Hey everyone! I'm Ben, and I will be doing an AMA for Effective Giving Spotlight week. Some of my relevant background:
- In 2014 I cofounded a company for earning to give (EtG) reasons (largely inspired by 80k), which was later successfully acquired.
- Since late 2018 I have been doing direct work, currently as Interim Managing Director of CEA.
- (With a brief side project of founding a TikTok-related company which was similarly acquired, albeit for way less money.)
- I've had some other EtGish work experience (eight years as a software developer/middle manager, a couple months at Alameda Research) as well
- Additionally, I’ve talked to some people deciding between EtG and direct work because of my standing offer to talk to such folks, so I might have cached thoughts on some questions.
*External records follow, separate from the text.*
lemma cylinder_nhds:
  assumes "openin ambient W" "x \<in> W"
  obtains U I where "openin opt_top U" "fst x \<in> U" "finite U \<or> finite (- U)" "finite I"
    "cylinder U I (snd x) \<subseteq> W"
proof -
  obtain U V where U: "openin opt_top U" "fst x \<in> U"
    and V: "openin (product_topology (\<lambda>_. discrete_topology UNIV) UNIV) V" "snd x \<in> V"
    and UV: "U \<times> V \<subseteq> W"
    using assms unfolding ambient_def openin_prod_topology_alt by (metis prod.collapse)
  obtain Z where Z: "finite {i. Z i \<noteq> UNIV}" "snd x \<in> Pi\<^sub>E UNIV Z" "Pi\<^sub>E UNIV Z \<subseteq> V"
    using V unfolding openin_product_topology_alt by auto
  obtain U' where U': "openin opt_top U'" "fst x \<in> U'" "U' \<subseteq> U" "finite U' \<or> finite (- U')"
    using opt_top_nhds_finite_or_cofinite U by blast
  have "cylinder U' {i. Z i \<noteq> UNIV} (snd x) \<subseteq> U' \<times> Pi\<^sub>E UNIV Z"
  proof
    fix y
    assume y: "y \<in> cylinder U' {i. Z i \<noteq> UNIV} (snd x)"
    have "snd y i \<in> Z i" for i
      using y Z(2) by (cases "Z i = UNIV") (auto simp: cylinder_def PiE_UNIV_domain)
    with y show "y \<in> U' \<times> Pi\<^sub>E UNIV Z"
      by (auto simp: cylinder_def PiE_UNIV_domain mem_Times_iff)
  qed
  also have "\<dots> \<subseteq> W"
    using U'(3) Z(3) UV by blast
  finally show ?thesis
    using U' Z(1) by (intro that) auto
qed

section \<open>The rings generated by rows and points\<close>

lemma fun_subring_ringR: "fun_subring (ringR A)"
  unfolding ringR_def by (rule fun_subring_ring_gen)

lemma fun_subring_ringRT: "fun_subring (ringRT A)"
  unfolding ringRT_def by (rule fun_subring_ring_gen)

lemma delta_eq_indicator: "delta i = indicator {i}"
  by (auto simp: delta_def indicator_def)

lemma rho_eq_indicator: "rho A i = indicator {j. A i j}"
  by (auto simp: rho_def indicator_def)

lemma delta_in_ringR: "delta i \<in> ringR A"
  unfolding ringR_def by (rule ring_gen.gen) blast

lemma rho_in_ringR: "rho A i \<in> ringR A"
  unfolding ringR_def by (rule ring_gen.gen) blast

lemma ringR_subset_ringRT: "ringR A \<subseteq> ringRT A"
  unfolding ringR_def ringRT_def by (rule ring_gen_minimal[OF fun_subring_ring_gen]) (auto intro: ring_gen.gen)

lemma one_in_ringRT: "(\<lambda>_. 1) \<in> ringRT A"
  unfolding ringRT_def by (rule ring_gen.gen) blast

lemma ringRT_eq_ring_gen_insert_one:
  "ringRT A = ring_gen (insert (\<lambda>_. 1) ({delta i |i. True} \<union> {rho A i |i. True}))"
  by (simp add: ringRT_def)

lemma indicator_finite_in_ringR:
  assumes "finite F"
  shows "indicator F \<in> ringR A"
proof -
  interpret fun_subring "ringR A" by (fact fun_subring_ringR)
  have "indicator (\<Union>j\<in>F. {j}) \<in> ringR A"
    using assms delta_in_ringR by (intro indicator_UN_mem) (simp_all add: delta_eq_indicator)
  then show ?thesis by simp
qed

lemma indicator_trace_cylinder_in_ringRT:
  assumes "finite U \<or> finite (- U)" "finite I"
  shows "indicator {j. emb A j \<in> cylinder U I c} \<in> ringRT A"
proof -
  interpret fun_subring "ringRT A" by (fact fun_subring_ringRT)
  have finite_in_ringRT: "indicator F \<in> ringRT A" if "finite F" for F
    using indicator_finite_in_ringR[OF that] ringR_subset_ringRT by blast
  have "indicator (Some -` U) \<in> ringRT A"
  proof (cases "finite U")
    case True
    then show ?thesis by (intro finite_in_ringRT finite_vimageI) simp_all
  next
    case False
    with assms(1) have "indicator (- (Some -` (- U))) \<in> ringRT A"
      by (intro indicator_Compl_mem one_in_ringRT finite_in_ringRT finite_vimageI) simp_all
    then show ?thesis by (simp add: vimage_Compl)
  qed
  moreover have "indicator {j. A i j = c i} \<in> ringRT A" for i
  proof -
    have "indicator {j. A i j} \<in> ringRT A"
      using rho_in_ringR[of A i] ringR_subset_ringRT[of A] by (auto simp: rho_eq_indicator)
    then have "indicator {j. A i j} \<in> ringRT A" "indicator (- {j. A i j}) \<in> ringRT A"
      by (auto intro: indicator_Compl_mem one_in_ringRT)
    then show ?thesis by (cases "c i") (simp_all add: Collect_neg_eq)
  qed
  ultimately have "indicator (Some -` U \<inter> (\<Inter>i\<in>I. {j. A i j = c i})) \<in> ringRT A"
    using assms(2) by (intro indicator_Int_mem indicator_INT_mem one_in_ringRT)
  moreover have "{j. emb A j \<in> cylinder U I c} = Some -` U \<inter> (\<Inter>i\<in>I. {j. A i j = c i})"
    by (auto simp: emb_in_cylinder_iff)
  ultimately show ?thesis by simp
qed

lemma one_in_ringR_if_star_pt_notin_GammaT:
  assumes "star_pt \<notin> GammaT A"
  shows "(\<lambda>_. 1) \<in> ringR A"
proof -
  interpret fun_subring "ringR A" by (fact fun_subring_ringR)
  obtain W where W: "openin ambient W" "star_pt \<in> W" "W \<inter> range (emb A) = {}"
    using assms unfolding GammaT_def in_closure_of by auto
  then obtain U I where U: "openin opt_top U" "None \<in> U" and I: "finite I"
    and sub: "cylinder U I (\<lambda>_. False) \<subseteq> W"
    by (auto simp: star_pt_def elim: cylinder_nhds)
  have "finite (- U)"
    using U by (simp add: openin_opt_top)
  then have "indicator (Some -` (- U)) \<in> ringR A"
    by (intro indicator_finite_in_ringR finite_vimageI) simp_all
  moreover have "indicator (\<Union>i\<in>I. {j. A i j}) \<in> ringR A"
    using I rho_in_ringR[of A] by (intro indicator_UN_mem) (simp_all add: rho_eq_indicator)
  ultimately have "indicator (Some -` (- U) \<union> (\<Union>i\<in>I. {j. A i j})) \<in> ringR A"
    by (rule indicator_Un_mem)
  moreover have "Some -` (- U) \<union> (\<Union>i\<in>I. {j. A i j}) = UNIV"
  proof -
    have "emb A j \<notin> cylinder U I (\<lambda>_. False)" for j
      using sub W(3) by blast
    then show ?thesis by (auto simp: emb_in_cylinder_iff)
  qed
  ultimately show ?thesis by simp
qed

section \<open>Integer-valued continuous functions on the closure of the graph\<close>

lemma fun_subring_CZ: "fun_subring (CZ A)"
  unfolding CZ_def by (rule fun_subring_continuous_int)

lemma indicator_fst_eq_Some_in_CZ: "indicator {x. fst x = Some i} \<in> CZ A"
proof -
  have "openin opt_top {Some i}" "closedin opt_top {Some i}"
    by (auto simp: openin_opt_top closedin_def)
  then have "openin ambient {x. fst x = Some i}" "closedin ambient {x. fst x = Some i}"
    using openin_continuous_map_preimage[OF continuous_map_ambient_fst]
      closedin_continuous_map_preimage[OF continuous_map_ambient_fst] by force+
  then show ?thesis
    unfolding CZ_def by (auto intro: continuous_map_from_subtopology continuous_map_indicator_clopen)
qed

lemma indicator_snd_in_CZ: "indicator {x. snd x i} \<in> CZ A"
proof -
  have "openin ambient {x. snd x i}" "closedin ambient {x. snd x i}"
    using openin_continuous_map_preimage[OF continuous_map_ambient_coordinate[of i], of "{True}"]
      closedin_continuous_map_preimage[OF continuous_map_ambient_coordinate[of i], of "{True}"] by simp_all
  then show ?thesis
    unfolding CZ_def by (auto intro: continuous_map_from_subtopology continuous_map_indicator_clopen)
qed

lemma delta_eq_comp_emb: "delta i = indicator {x. fst x = Some i} \<circ> emb A"
  by (auto simp: delta_def emb_def indicator_def)

lemma rho_eq_comp_emb: "rho A i = indicator {x. snd x i} \<circ> emb A"
  by (auto simp: rho_def emb_def col_def indicator_def)

lemma ringR_subset_image_comp_emb: "ringR A \<subseteq> (\<lambda>g. g \<circ> emb A) ` {g \<in> CZ A. g star_pt = 0}"
  unfolding ringR_def
proof (rule ring_gen_minimal)
  show "fun_subring ((\<lambda>g. g \<circ> emb A) ` {g \<in> CZ A. g star_pt = 0})"
    by (intro fun_subring_image_comp fun_subring_vanishing_at fun_subring_CZ)
  have "delta i \<in> (\<lambda>g. g \<circ> emb A) ` {g \<in> CZ A. g star_pt = 0}" for i
    unfolding delta_eq_comp_emb[of i A]
    by (rule image_eqI[OF refl]) (simp add: indicator_fst_eq_Some_in_CZ star_pt_def)
  moreover have "rho A i \<in> (\<lambda>g. g \<circ> emb A) ` {g \<in> CZ A. g star_pt = 0}" for i
    unfolding rho_eq_comp_emb[of A i]
    by (rule image_eqI[OF refl]) (simp add: indicator_snd_in_CZ star_pt_def)
  ultimately show "{delta i |i. True} \<union> {rho A i |i. True} \<subseteq> (\<lambda>g. g \<circ> emb A) ` {g \<in> CZ A. g star_pt = 0}"
    by blast
qed

lemma ringRT_subset_image_comp_emb: "ringRT A \<subseteq> (\<lambda>g. g \<circ> emb A) ` CZ A"
  unfolding ringRT_eq_ring_gen_insert_one
proof (rule ring_gen_minimal)
  show "fun_subring ((\<lambda>g. g \<circ> emb A) ` CZ A)"
    by (intro fun_subring_image_comp fun_subring_CZ)
  have "(\<lambda>_. 1) \<in> CZ A"
    by (simp add: CZ_def)
  then have "(\<lambda>_. 1) \<in> (\<lambda>g. g \<circ> emb A) ` CZ A"
    by (rule rev_image_eqI) (simp add: o_def)
  moreover have "{delta i |i. True} \<union> {rho A i |i. True} \<subseteq> ringR A"
    by (auto intro: delta_in_ringR rho_in_ringR)
  moreover have "ringR A \<subseteq> (\<lambda>g. g \<circ> emb A) ` CZ A"
    using ringR_subset_image_comp_emb by blast
  ultimately show "insert (\<lambda>_. 1) ({delta i |i. True} \<union> {rho A i |i. True}) \<subseteq> (\<lambda>g. g \<circ> emb A) ` CZ A"
    by blast
qed

lemma CZ_locally_constant:
  assumes "g \<in> CZ A" "p \<in> GammaT A"
  obtains U I where "openin opt_top U" "fst p \<in> U" "finite U \<or> finite (- U)" "finite I"
    "\<And>x. x \<in> GammaT A \<Longrightarrow> x \<in> cylinder U I (snd p) \<Longrightarrow> g x = g p"
proof -
  have "openin (subtopology ambient (GammaT A)) {x \<in> GammaT A. g x = g p}"
    using assms(1) by (simp add: CZ_def continuous_map_int_iff)
  then obtain W where W: "openin ambient W" "{x \<in> GammaT A. g x = g p} = W \<inter> GammaT A"
    unfolding openin_subtopology by blast
  moreover have "p \<in> W"
    using W(2) assms(2) by blast
  ultimately obtain U I where "openin opt_top U" "fst p \<in> U" "finite U \<or> finite (- U)" "finite I"
    "cylinder U I (snd p) \<subseteq> W"
    by (elim cylinder_nhds)
  with W(2) show ?thesis
    by (intro that) blast+
qed

lemma CZ_comp_emb_in_ringRT:
  assumes g: "g \<in> CZ A"
  shows "g \<circ> emb A \<in> ringRT A"
proof -
  interpret fun_subring "ringRT A" by (fact fun_subring_ringRT)
  have "\<exists>U I. openin opt_top U \<and> fst p \<in> U \<and> (finite U \<or> finite (- U)) \<and> finite I \<and>
      (\<forall>x\<in>GammaT A \<inter> cylinder U I (snd p). g x = g p)" if "p \<in> GammaT A" for p
    by (rule CZ_locally_constant[OF g that]) blast
  then obtain U I where U: "\<And>p. p \<in> GammaT A \<Longrightarrow> openin opt_top (U p) \<and> fst p \<in> U p"
    and finite: "\<And>p. p \<in> GammaT A \<Longrightarrow> (finite (U p) \<or> finite (- U p)) \<and> finite (I p)"
    and const: "\<And>p x. p \<in> GammaT A \<Longrightarrow> x \<in> GammaT A \<inter> cylinder (U p) (I p) (snd p) \<Longrightarrow> g x = g p"
    by metis
  define N where "N p = cylinder (U p) (I p) (snd p)" for p
  have "\<forall>B\<in>N ` GammaT A. openin ambient B"
    using U finite by (auto simp: N_def intro: openin_cylinder)
  moreover have "GammaT A \<subseteq> \<Union>(N ` GammaT A)"
    using U by (force simp: N_def cylinder_def)
  ultimately obtain \<F> where "finite \<F>" "\<F> \<subseteq> N ` GammaT A" "GammaT A \<subseteq> \<Union>\<F>"
    using compactin_GammaT[of A] unfolding compactin_def by meson
  then obtain P where P: "P \<subseteq> GammaT A" "finite P" "GammaT A \<subseteq> (\<Union>p\<in>P. N p)"
    by (metis finite_subset_image)
  show ?thesis
  proof (rule mem_if_constant_on_finite_cover[OF one_in_ringRT \<open>finite P\<close>])
    show "indicator {j. emb A j \<in> N p} \<in> ringRT A" if "p \<in> P" for p
      using finite that P(1) unfolding N_def by (blast intro: indicator_trace_cylinder_in_ringRT)
    show "(g \<circ> emb A) j = g p" if "p \<in> P" "j \<in> {j. emb A j \<in> N p}" for p j
      using const[of p "emb A j"] that P(1) emb_in_GammaT[of A j] by (auto simp: N_def)
    show "(\<Union>p\<in>P. {j. emb A j \<in> N p}) = UNIV"
      using P(3) emb_in_GammaT[of A] by blast
  qed
qed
You might want to ask me about:
- Entrepreneurship
- Trade-offs between earning to give and “direct work”
- Cosmetics and skincare for those who (want to) look masculine
- TikTok
- Functional programming (particularly Haskell)
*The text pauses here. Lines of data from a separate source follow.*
(* Let $\Sigma$ be a finite alphabet and $C:\Sigma^k\to\Sigma^n$ a $(q,\delta,1,s)$-relaxed locally decodable code whose relaxed decoder is nonadaptive of the following form: for each $i\in[k]$ there is a probability distribution $\mathcal{Q}_i$ over $q$-element subsets of $[n]$ and, for each $Q\in\mathrm{supp}(\mathcal{Q}_i)$, a function $f_{i,Q}:\Sigma^Q\to\Sigma\cup\{\bot\}$; on input $y\in\Sigma^n$ and $i$, the decoder samples $Q\sim\mathcal{Q}_i$ and outputs $f_{i,Q}(y|_Q)$. Fix any $r\in\bigl(0,\frac{\delta(|\Sigma|-1)}{q|\Sigma|}(1-s|\Sigma|^q)\bigr)$. Define the decoder $\mathsf{Dec}'$ which, given oracle access to $y\in\Sigma^n$ and $i\in[k]$, samples $Q\sim\mathcal{Q}_i$ and outputs $g_{i,Q}(y|_Q)$ (with $g_{i,Q}$ as defined in the context). Then $\mathsf{Dec}'$ makes at most $q$ queries, and $C$ is a $(q,r,\varepsilon)$-locally decodable code with respect to $\mathsf{Dec}'$, where $\varepsilon=s|\Sigma|^{q}\bigl(1-\frac{1}{|\Sigma|}\bigr)+\frac{rq}{\delta}$.
   Context: $\Delta(x,y)$ denotes Hamming distance on $\Sigma^n$; for $S\subseteq[n]$, $x|_S$ is the restriction of $x$ to coordinates in $S$. $C$ is a $(q,\delta,c,s)$-RLDC if there is a $q$-query decoder with outputs in $\Sigma\cup\{\bot\}$ such that for all $b\in\Sigma^k$, $i\in[k]$, $y$ with $\Delta(y,C(b))\le\delta n$: $\Pr[\mathsf{Dec}^{C(b)}(i)=b_i]\ge c$ and $\Pr[\mathsf{Dec}^y(i)\notin\{b_i,\bot\}]\le s$; here $c=1$. $C$ is a $(q,r,\varepsilon)$-LDC with respect to a $q$-query decoder $\mathsf{Dec}'$ with outputs in $\Sigma$ if for all $b$, $i$, and $y$ with $\Delta(y,C(b))\le rn$, $\Pr[\mathsf{Dec}'^y(i)\ne b_i]\le\varepsilon$. Heavy/light coordinates: $p_i(j):=\Pr_{Q\sim\mathcal{Q}_i}[j\in Q]$, $H_i:=\{j\in[n]:p_i(j)>q/(\delta n)\}$, $L_i:=[n]\setminus H_i$, and $L(Q):=Q\cap L_i$. For a light pattern $a\in\Sigma^{L(Q)}$, call $a$ good if there is a unique $\sigma\in\Sigma$ such that some $z\in\Sigma^Q$ with $z|_{L(Q)}=a$ has $f_{i,Q}(z)=\sigma$ (i.e., among all completions $z$ of $a$, $f_{i,Q}$ takes at least one non-$\bot$ value and all its non-$\bot$ values equal $\sigma$); otherwise $a$ is bad (either two completions give two different non-$\bot$ values, or all completions give $\bot$). For $\ell\in\Sigma^Q$ with $a=\ell|_{L(Q)}$: if $a$ is good, $g_{i,Q}(\ell):=\sigma$ for the associated $\sigma$; if $a$ is bad, $g_{i,Q}(\ell)$ is a fresh uniformly random symbol of $\Sigma$. *)

theory Defs
  imports "HOL-Probability.Probability"
begin

text \<open>Coordinates of [n] are {0..<n}; words in Sigma^m are extensional functions
  on {..<m}. The symbol bot is modelled by None in 'a option.\<close>

definition words :: "nat \<Rightarrow> (nat \<Rightarrow> 'a) set" where
  "words m = PiE {..<m} (\<lambda>_. UNIV)"

definition hdist :: "nat \<Rightarrow> (nat \<Rightarrow> 'a) \<Rightarrow> (nat \<Rightarrow> 'a) \<Rightarrow> nat" where
  "hdist n x y = card {j\<in>{..<n}. x j \<noteq> y j}"

definition rdec :: "(nat \<Rightarrow> nat set pmf) \<Rightarrow> (nat \<Rightarrow> nat set \<Rightarrow> (nat \<Rightarrow> 'a) \<Rightarrow> 'a option)
    \<Rightarrow> (nat \<Rightarrow> 'a) \<Rightarrow> nat \<Rightarrow> 'a option pmf" where
  "rdec Qd f y i = map_pmf (\<lambda>Q. f i Q (restrict y Q)) (Qd i)"

definition is_RLDC :: "nat \<Rightarrow> nat \<Rightarrow> ((nat \<Rightarrow> 'a) \<Rightarrow> nat \<Rightarrow> 'a) \<Rightarrow> real \<Rightarrow> real \<Rightarrow> real
    \<Rightarrow> ((nat \<Rightarrow> 'a) \<Rightarrow> nat \<Rightarrow> 'a option pmf) \<Rightarrow> bool" where
  "is_RLDC k n C \<delta> c s Dec \<longleftrightarrow>
     (\<forall>b\<in>words k. \<forall>i<k. \<forall>y\<in>words n. real (hdist n y (C b)) \<le> \<delta> * real n \<longrightarrow>
        measure_pmf.prob (Dec (C b) i) {Some (b i)} \<ge> c \<and>
        measure_pmf.prob (Dec y i) (- {Some (b i), None}) \<le> s)"

definition is_LDC :: "nat \<Rightarrow> nat \<Rightarrow> ((nat \<Rightarrow> 'a) \<Rightarrow> nat \<Rightarrow> 'a) \<Rightarrow> real \<Rightarrow> real
    \<Rightarrow> ((nat \<Rightarrow> 'a) \<Rightarrow> nat \<Rightarrow> 'a pmf) \<Rightarrow> bool" where
  "is_LDC k n C r \<epsilon> Dec' \<longleftrightarrow>
     (\<forall>b\<in>words k. \<forall>i<k. \<forall>y\<in>words n. real (hdist n y (C b)) \<le> r * real n \<longrightarrow>
        measure_pmf.prob (Dec' y i) {x. x \<noteq> b i} \<le> \<epsilon>)"

definition pq :: "(nat \<Rightarrow> nat set pmf) \<Rightarrow> nat \<Rightarrow> nat \<Rightarrow> real" where
  "pq Qd i j = measure_pmf.prob (Qd i) {Q. j \<in> Q}"

definition heavy :: "nat \<Rightarrow> nat \<Rightarrow> real \<Rightarrow> (nat \<Rightarrow> nat set pmf) \<Rightarrow> nat \<Rightarrow> nat set" where
  "heavy n q \<delta> Qd i = {j\<in>{..<n}. pq Qd i j > real q / (\<delta> * real n)}"

definition light :: "nat \<Rightarrow> nat \<Rightarrow> real \<Rightarrow> (nat \<Rightarrow> nat set pmf) \<Rightarrow> nat \<Rightarrow> nat set" where
  "light n q \<delta> Qd i = {..<n} - heavy n q \<delta> Qd i"

definition completes_to :: "(nat \<Rightarrow> nat set \<Rightarrow> (nat \<Rightarrow> 'a) \<Rightarrow> 'a option) \<Rightarrow> nat \<Rightarrow> nat set
    \<Rightarrow> nat set \<Rightarrow> (nat \<Rightarrow> 'a) \<Rightarrow> 'a \<Rightarrow> bool" where
  "completes_to f i Q LQ a \<sigma> \<longleftrightarrow>
     (\<exists>z\<in>PiE Q (\<lambda>_. UNIV). restrict z LQ = a \<and> f i Q z = Some \<sigma>)"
- Or one of my less useful projects
- Anything else (I might skip some questions)
I will plan to answer questions Thursday, November 9th. Post them as comments on this thread.
See also Jeff’s AMA, which is on a similar topic.
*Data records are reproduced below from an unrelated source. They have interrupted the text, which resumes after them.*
(* Let $A$ be an algebra with non-degenerate product, $\Delta$ a regular comultiplication on $A$, and suppose there exists a left integral $\varphi$ on $(A,\Delta)$. Then for any finitely many elements $a_1,\dots,a_n\in A$ there exists $e\in A$ with $a_ie=ea_i=a_i$ for all $i$.
   Context: All algebras are over $\mathbb C$, associative, possibly without identity, with non-degenerate product. $M(A)$ denotes the multiplier algebra and $\iota$ the identity map. A regular comultiplication is a linear map $\Delta:A\to M(A\otimes A)$, not assumed multiplicative, such that: - $\Delta(a)(1\otimes b)$, $(a\otimes1)\Delta(b)$, $\Delta(a)(b\otimes1)$ and $(1\otimes a)\Delta(b)$ all lie in $A\otimes A$; - $(a\otimes1\otimes1)(\Delta\otimes\iota)(\Delta(b)(1\otimes c))=(\iota\otimes\Delta)((a\otimes1)\Delta(b))(1\otimes1\otimes c)$. A left integral is a nonzero linear functional $\varphi$ on $A$ with $(\iota\otimes\varphi)\Delta(a)=\varphi(a)1$ in $M(A)$ for all $a\in A$. Here $(\iota\otimes\varphi)\Delta(a)$ is the multiplier with $((\iota\otimes\varphi)\Delta(a))b=(\iota\otimes\varphi)(\Delta(a)(b\otimes1))$ and $b((\iota\otimes\varphi)\Delta(a))=(\iota\otimes\varphi)((b\otimes1)\Delta(a))$. *)

theory Defs
  imports Complex_Main
begin

text \<open>
  Elements of the algebraic tensor
  products A (x) A and A (x) A (x) A are represented by finite lists of
  simple tensors; two such lists represent the same tensor iff they are
  identified by all products of linear functionals (teq, teq3).
  A multiplier of A (x) A is a pair (L, R) of maps (left and right action).
\<close>

type_synonym 'a tens = "('a \<times> 'a) list"
type_synonym 'a tens3 = "('a \<times> 'a \<times> 'a) list"
type_synonym 'a mult2 = "('a tens \<Rightarrow> 'a tens) \<times> ('a tens \<Rightarrow> 'a tens)"

definition lin_fun :: "(complex \<Rightarrow> 'a::ab_group_add \<Rightarrow> 'a) \<Rightarrow> ('a \<Rightarrow> complex) \<Rightarrow> bool" where
  "lin_fun sc f \<longleftrightarrow> Vector_Spaces.linear sc ((*) :: complex \<Rightarrow> complex \<Rightarrow> complex) f"

definition nd_algebra :: "(complex \<Rightarrow> 'a::ab_group_add \<Rightarrow> 'a) \<Rightarrow> ('a \<Rightarrow> 'a \<Rightarrow> 'a) \<Rightarrow> bool" where
  "nd_algebra sc mul \<longleftrightarrow>
     vector_space sc \<and>
     (\<forall>x y z. mul (x + y) z = mul x z + mul y z) \<and>
     (\<forall>x y z. mul x (y + z) = mul x y + mul x z) \<and>
     (\<forall>c x y. mul (sc c x) y = sc c (mul x y)) \<and>
     (\<forall>c x y. mul x (sc c y) = sc c (mul x y)) \<and>
     (\<forall>x y z. mul (mul x y) z = mul x (mul y z)) \<and>
     (\<forall>a. (\<forall>b. mul a b = 0) \<longrightarrow> a = 0) \<and>
     (\<forall>a. (\<forall>b. mul b a = 0) \<longrightarrow> a = 0)"

definition teq :: "(complex \<Rightarrow> 'a::ab_group_add \<Rightarrow> 'a) \<Rightarrow> 'a tens \<Rightarrow> 'a tens \<Rightarrow> bool" where
  "teq sc s t \<longleftrightarrow> (\<forall>f g. lin_fun sc f \<and> lin_fun sc g \<longrightarrow>
      sum_list (map (\<lambda>(x, y). f x * g y) s) = sum_list (map (\<lambda>(x, y). f x * g y) t))"

definition teq3 :: "(complex \<Rightarrow> 'a::ab_group_add \<Rightarrow> 'a) \<Rightarrow> 'a tens3 \<Rightarrow> 'a tens3 \<Rightarrow> bool" where
  "teq3 sc s t \<longleftrightarrow> (\<forall>f g h. lin_fun sc f \<and> lin_fun sc g \<and> lin_fun sc h \<longrightarrow>
      sum_list (map (\<lambda>(x, y, z). f x * g y * h z) s) = sum_list (map (\<lambda>(x, y, z). f x * g y * h z) t))"

definition tadd :: "'a tens \<Rightarrow> 'a tens \<Rightarrow> 'a tens" where
  "tadd s t = s @ t"

definition tscale :: "(complex \<Rightarrow> 'a \<Rightarrow> 'a) \<Rightarrow> complex \<Rightarrow> 'a tens \<Rightarrow> 'a tens" where
  "tscale sc c s = map (\<lambda>(x, y). (sc c x, y)) s"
I understand if you can't answer this or can't provide a specific answer, but could you share:
1) approximately how much your companies were acquired for, and
2) how you've donated/managed the money since then (i.e. did you donate most of it ASAP and no longer donate much, or did you invest and now donate a steady amount each year, etc).
Thanks!
Unfortunately I can't disclose the acquisition price. I put donations into a DAF immediately after the acquisition, for tax reasons, but I think have distributed only ~20% so far. I also calculated that it was more tax effective to cut my salary than to donate to CEA and have that money go to my salary, so I did that (and didn't put some money into the DAF as a result).